Algorithms in each of these categories can be applied to a variety of tasks including classification, regression, and optimization.1

Within QML, an even newer subfield called Quantum Graph Learning (QGL) is starting to be explored. As described by Yu et al.,2 QGL has the potential to solve or mitigate several substantial problems in graph learning including the difficulty of storing and processing large graphs and the limitation of the distance across which inferences can be made. QGL should also be able to apply some of the native benefits of QML to graph learning, including a reduction in the number of required training parameters.

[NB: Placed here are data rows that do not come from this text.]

(* Let $n=1$, $d=2$, $u_1$ a positive integer and $u_2=1$, and suppose the constants are chosen so that the point $V_2=(\lambda^{(1)}_2,\lambda^{(c)}_2)$ lies in the interior of the solid cone $K_1=\{(a,b)\in\mathbb R\times\mathbb C: a-\lambda^{(1)}_1/u_1\geqslant|b-\lambda^{(c)}_1/u_1|\}$. Then $N$ acts freely on $\mu^{-1}(0)$, condition (S) holds, so $M=\mu^{-1}(0)/N$ is a smooth $4$-manifold, and the induced hypersymplectic structure on $M$ is non-degenerate everywhere if and only if $u_1=1$.
   Context: Setting: $\mathbb C^{2,2}=\mathbb C^2\times\mathbb C^2$ with coordinates $(z,w)$, $g=\mathrm{Re}\sum_k(dz_k\,d\bar z_k-dw_k\,d\bar w_k)$, $I(z,w)=(iz,-iw)$, $S(z,w)=(w,z)$, $T=IS$, $\omega_A(Y,Z)=g(Y,AZ)$; $\mathbb T^2$ acts by $(z_k,w_k)\mapsto(e^{i\theta_k}z_k,e^{i\theta_k}w_k)$. With $u_1,u_2\in\mathbb Z$, $\beta\colon\mathbb R^2\to\mathbb R$, $e_k\mapsto u_k$, $\mathfrak n=\ker\beta$ with inclusion $\iota$, and $N\subset\mathbb T^2$ the kernel of the induced homomorphism $\mathbb T^2\to\mathbb T^1$. Fix real $\lambda^{(j)}_k$, $\lambda^{(c)}_k=\lambda^{(2)}_k+i\lambda^{(3)}_k$; $\mu_I(z,w)=\sum_k(\tfrac12(|z_k|^2+|w_k|^2)+\lambda^{(1)}_k)\iota^*e_k$, $(\mu_S+i\mu_T)(z,w)=\sum_k(iz_k\bar w_k+\lambda^{(c)}_k)\iota^*e_k$ (identifying $\mathbb R^2$ with its dual). Condition (S): at no $p\in\mu^{-1}(0)$ is there nonzero $(X_1,X_2,X_3)\in\mathfrak n^3$ with $(IX_1+SX_2+TX_3)_p=0$. The induced forms $\omega'_A$ on $M$ satisfy $\pi^*\omega'_A=\omega_A|_{\mu^{-1}(0)}$; non-degeneracy means all three are non-degenerate at every point. *)

theory Defs
  imports "HOL-Analysis.Analysis"
begin

text \<open>Points (and tangent vectors) of C^{2,2} = C^2 x C^2, written ((z1,z2),(w1,w2)).
  The torus T^2 and its Lie algebra R^2 are represented by angle pairs in real x real.\<close>

type_synonym pt = "(complex \<times> complex) \<times> (complex \<times> complex)"

definition zz1 :: "pt \<Rightarrow> complex" where "zz1 p = fst (fst p)"
definition zz2 :: "pt \<Rightarrow> complex" where "zz2 p = snd (fst p)"
definition ww1 :: "pt \<Rightarrow> complex" where "ww1 p = fst (snd p)"
definition ww2 :: "pt \<Rightarrow> complex" where "ww2 p = snd (snd p)"

definition hs_g :: "pt \<Rightarrow> pt \<Rightarrow> real" where
  "hs_g Y Z = Re (zz1 Y * cnj (zz1 Z) + zz2 Y * cnj (zz2 Z)
                 - ww1 Y * cnj (ww1 Z) - ww2 Y * cnj (ww2 Z))"

definition I_op :: "pt \<Rightarrow> pt" where
  "I_op p = ((\<i> * zz1 p, \<i> * zz2 p), (- \<i> * ww1 p, - \<i> * ww2 p))"

definition S_op :: "pt \<Rightarrow> pt" where
  "S_op p = ((ww1 p, ww2 p), (zz1 p, zz2 p))"

definition T_op :: "pt \<Rightarrow> pt" where
  "T_op p = I_op (S_op p)"

definition omega :: "(pt \<Rightarrow> pt) \<Rightarrow> pt \<Rightarrow> pt \<Rightarrow> real" where
  "omega A Y Z = hs_g Y (A Z)"

definition torus_act :: "real \<times> real \<Rightarrow> pt \<Rightarrow> pt" where
  "torus_act \<theta> p = ((cis (fst \<theta>) * zz1 p, cis (snd \<theta>) * zz2 p),
                      (cis (fst \<theta>) * ww1 p, cis (snd \<theta>) * ww2 p))"

text \<open>Fundamental vector field X_p = d/dt torus_act (t X) p at t = 0.\<close>
definition fund :: "real \<times> real \<Rightarrow> pt \<Rightarrow> pt" where
  "fund X p = ((\<i> * of_real (fst X) * zz1 p, \<i> * of_real (snd X) * zz2 p),
               (\<i> * of_real (fst X) * ww1 p, \<i> * of_real (snd X) * ww2 p))"

definition beta :: "int \<times> int \<Rightarrow> real \<times> real \<Rightarrow> real" where
  "beta u X = of_int (fst u) * fst X + of_int (snd u) * snd X"

definition nlie :: "int \<times> int \<Rightarrow> (real \<times> real) set" where
  "nlie u = {X. beta u X = 0}"

text \<open>N = kernel of the induced homomorphism T^2 -> T^1, (theta1,theta2) |-> u1 theta1 + u2 theta2,
  as a set of angle representatives.\<close>
definition Ngrp :: "int \<times> int \<Rightarrow> (real \<times> real) set" where
  "Ngrp u = {\<theta>. \<exists>m::int. of_int (fst u) * fst \<theta> + of_int (snd u) * snd \<theta> = 2 * pi * of_int m}"

definition torus_identity :: "real \<times> real \<Rightarrow> bool" where
  "torus_identity \<theta> \<longleftrightarrow> (\<exists>m1 m2::int. fst \<theta> = 2 * pi * of_int m1 \<and> snd \<theta> = 2 * pi * of_int m2)"

text \<open>Pairings of mu_I(p) and (mu_S + i mu_T)(p) (elements of n^*) with X in n.\<close>
definition muI :: "real \<times> real \<Rightarrow> pt \<Rightarrow> real \<times> real \<Rightarrow> real" where
  "muI lam1 p X =
     ((1/2) * ((cmod (zz1 p))\<^sup>2 + (cmod (ww1 p))\<^sup>2) + fst lam1) * fst X
   + ((1/2) * ((cmod (zz2 p))\<^sup>2 + (cmod (ww2 p))\<^sup>2) + snd lam1) * snd X"
(* Let $G$ be a graph and let $(G',L,\alpha,\beta)$ be constructed from $G$ as described in the context. If there exists an $L$-recoloring sequence for $G'$ from $\alpha$ to $\beta$ (of any length), then $G$ is 3-colorable.
   Context: A color list assignment $L$ gives each vertex a list $L(v)\subseteq[4]=\{1,2,3,4\}$. An $L$-coloring is a proper coloring $\gamma$ with $\gamma(v)\in L(v)$ for all $v$. $\mathcal{C}(G,L)$ is the graph on $L$-colorings, two adjacent iff they differ on exactly one vertex; an $L$-recoloring sequence of length $m$ is a sequence $\gamma_0,\ldots,\gamma_m$ of $L$-colorings with consecutive ones equal or adjacent in $\mathcal{C}(G,L)$. $(a,b)$-forbidding path: for $a,b\in[4]$, a path $P$ with lists $L(x)\subseteq[4]$ and end vertices $u,v$ is $(a,b)$-forbidding from $u$ to $v$ if (i) for all $x\in L(u)$, $y\in L(v)$, there is an $L$-coloring $\gamma$ of $P$ with $\gamma(u)=x,\gamma(v)=y$ iff $x\ne a$ or $y\ne b$ (such $(x,y)$ are called admissible); and (ii) for any $L$-coloring $\gamma$ of $P$ and any admissible $(x,y)$ with $x=\gamma(u)$ or $y=\gamma(v)$, there is an $L$-recoloring sequence of $P$ from $\gamma$ to an $L$-coloring $\delta$ with $\delta(u)=x,\delta(v)=y$ in which each internal vertex is recolored at most once and $u,v$ are not recolored until the last step. Such paths of length six exist whenever $L(u),L(v)\ne[4]$, $a\in L(u)$, $b\in L(v)$. Construction of $G'$: start with $V(G)$ (no edges among these), each $u\in V(G)$ with $L(u)=\{1,2,3\}$, $\alpha(u)=1$. For every edge $uv\in E(G)$ (with a fixed orientation $u,v$), add new vertices $x_{uv},y_{uv},z_{uv}$ with $\alpha$-value $4$ each and $L(x_{uv})=\{1,2,4\}$, $L(y_{uv})=\{3,4\}$, $L(z_{uv})=\{1,2,4\}$; add edges $ux_{uv}$, $uy_{uv}$; and add (each with its own new internal vertices, each of length six) a $(1,2)$-forbidding and a $(3,1)$-forbidding path from $u$ to $x_{uv}$, a $(2,3)$-forbidding path from $u$ to $y_{uv}$, a $(2,1)$-forbidding and a $(3,2)$-forbidding path from $v$ to $x_{uv}$, a $(1,3)$-forbidding path from $v$ to $y_{uv}$, a $(4,1)$-forbidding path from $x_{uv}$ to $z_{uv}$, and a $(4,2)$-forbidding path from $y_{uv}$ to $z_{uv}$. Let $Z=\{z_{uv}\mid uv\in E(G)\}$. Add vertices $a,b,c,d$ with $\alpha(a)=1,\alpha(b)=2,\alpha(c)=3,\alpha(d)=4$, $L(a)=\{1,2,3\}$, $L(b)=\{1,2\}$, $L(c)=\{3,4\}$, $L(d)=\{4\}$, all edges among $a,b,c,d$ except $cd$, and edges from every vertex of $Z$ to $c$. Extend $\alpha$ arbitrarily to an $L$-coloring of all internal vertices of the forbidding paths (possible since the end colors are admissible). Set $\beta(w)=\alpha(w)$ for all $w\ne a,b$, $\beta(a)=2$, $\beta(b)=1$. *)

theory Defs
  imports Main
begin

text \<open>A path with vertices at positions 0..n (consecutive positions adjacent), with
  list assignment Ls.  Position 0 is the end vertex u, position n the end vertex v.\<close>

definition path_col :: "nat \<Rightarrow> (nat \<Rightarrow> nat set) \<Rightarrow> (nat \<Rightarrow> nat) \<Rightarrow> bool" where
  "path_col n Ls g \<longleftrightarrow> (\<forall>i\<le>n. g i \<in> Ls i) \<and> (\<forall>i<n. g i \<noteq> g (Suc i))"

definition path_recol_seq :: "nat \<Rightarrow> (nat \<Rightarrow> nat set) \<Rightarrow> (nat \<Rightarrow> nat) list \<Rightarrow> bool" where
  "path_recol_seq n Ls cs \<longleftrightarrow> cs \<noteq> [] \<and> (\<forall>c\<in>set cs. path_col n Ls c) \<and>
     (\<forall>j. Suc j < length cs \<longrightarrow> card {i. i \<le> n \<and> (cs!j) i \<noteq> (cs!Suc j) i} \<le> 1)"

definition forbidding :: "nat \<Rightarrow> (nat \<Rightarrow> nat set) \<Rightarrow> nat \<Rightarrow> nat \<Rightarrow> bool" where
  "forbidding n Ls a b \<longleftrightarrow>
     (\<forall>i\<le>n. Ls i \<subseteq> {1,2,3,4}) \<and>
     (\<forall>x\<in>Ls 0. \<forall>y\<in>Ls n.
        (\<exists>g. path_col n Ls g \<and> g 0 = x \<and> g n = y) \<longleftrightarrow> (x \<noteq> a \<or> y \<noteq> b)) \<and>
     (\<forall>g x y. path_col n Ls g \<and> x \<in> Ls 0 \<and> y \<in> Ls n \<and> (x \<noteq> a \<or> y \<noteq> b) \<and>
        (x = g 0 \<or> y = g n) \<longrightarrow>
        (\<exists>cs. path_recol_seq n Ls cs \<and> (\<forall>i\<le>n. hd cs i = g i) \<and>
              last cs 0 = x \<and> last cs n = y \<and>
              (\<forall>i. 0 < i \<and> i < n \<longrightarrow>
                  card {j. Suc j < length cs \<and> (cs!j) i \<noteq> (cs!Suc j) i} \<le> 1) \<and>
              (\<forall>j. j < length cs - 1 \<longrightarrow> (cs!j) 0 = g 0 \<and> (cs!j) n = g n)))"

Yu et al.2 describe several QML techniques that can be applied to graph learning, including various types of quantum optimization, quantum random walks and quantum graph kernels (used to represent graphs in the vector space of quantum circuits), and VQCs.

1.1 Literature review

The Quantum Feature Embeddings (QFE) methodology proposed by Xu et al.3 is a special case of the VQC technique. It applies a VQC to the node features of the graph input to generate embeddings, which are then passed to a classical message-passing model (e.g. a Graph Convolutional Network4). This is depicted in Figure 1. (Note that an additional pooling layer has been included. Although this was not mentioned by Xu et al.,3 it is necessary for graph classification.)

463474e1-eeb5-49ad-af5b-7ed3df346118_figure1.gif

Figure 1. The QFE Methodology created by Xu et al.3 (with an inferred pooling layer).

Xu et al. argue that using a VQC to create embeddings provides several benefits. First, because of the unitary nature of the circuit, the norms of the embeddings are preserved. This preservation helps increase the stability of the model during training. The unitary nature of the VQC also implies that it acts as a bijective function, which means that distinct inputs will not be mapped to the same output. This implies that information will not be lost during the embedding process. Finally, the exponential nature of the circuit’s vector space allows the VQC to approximate complex functions with exponentially fewer trainable parameters compared to classical models.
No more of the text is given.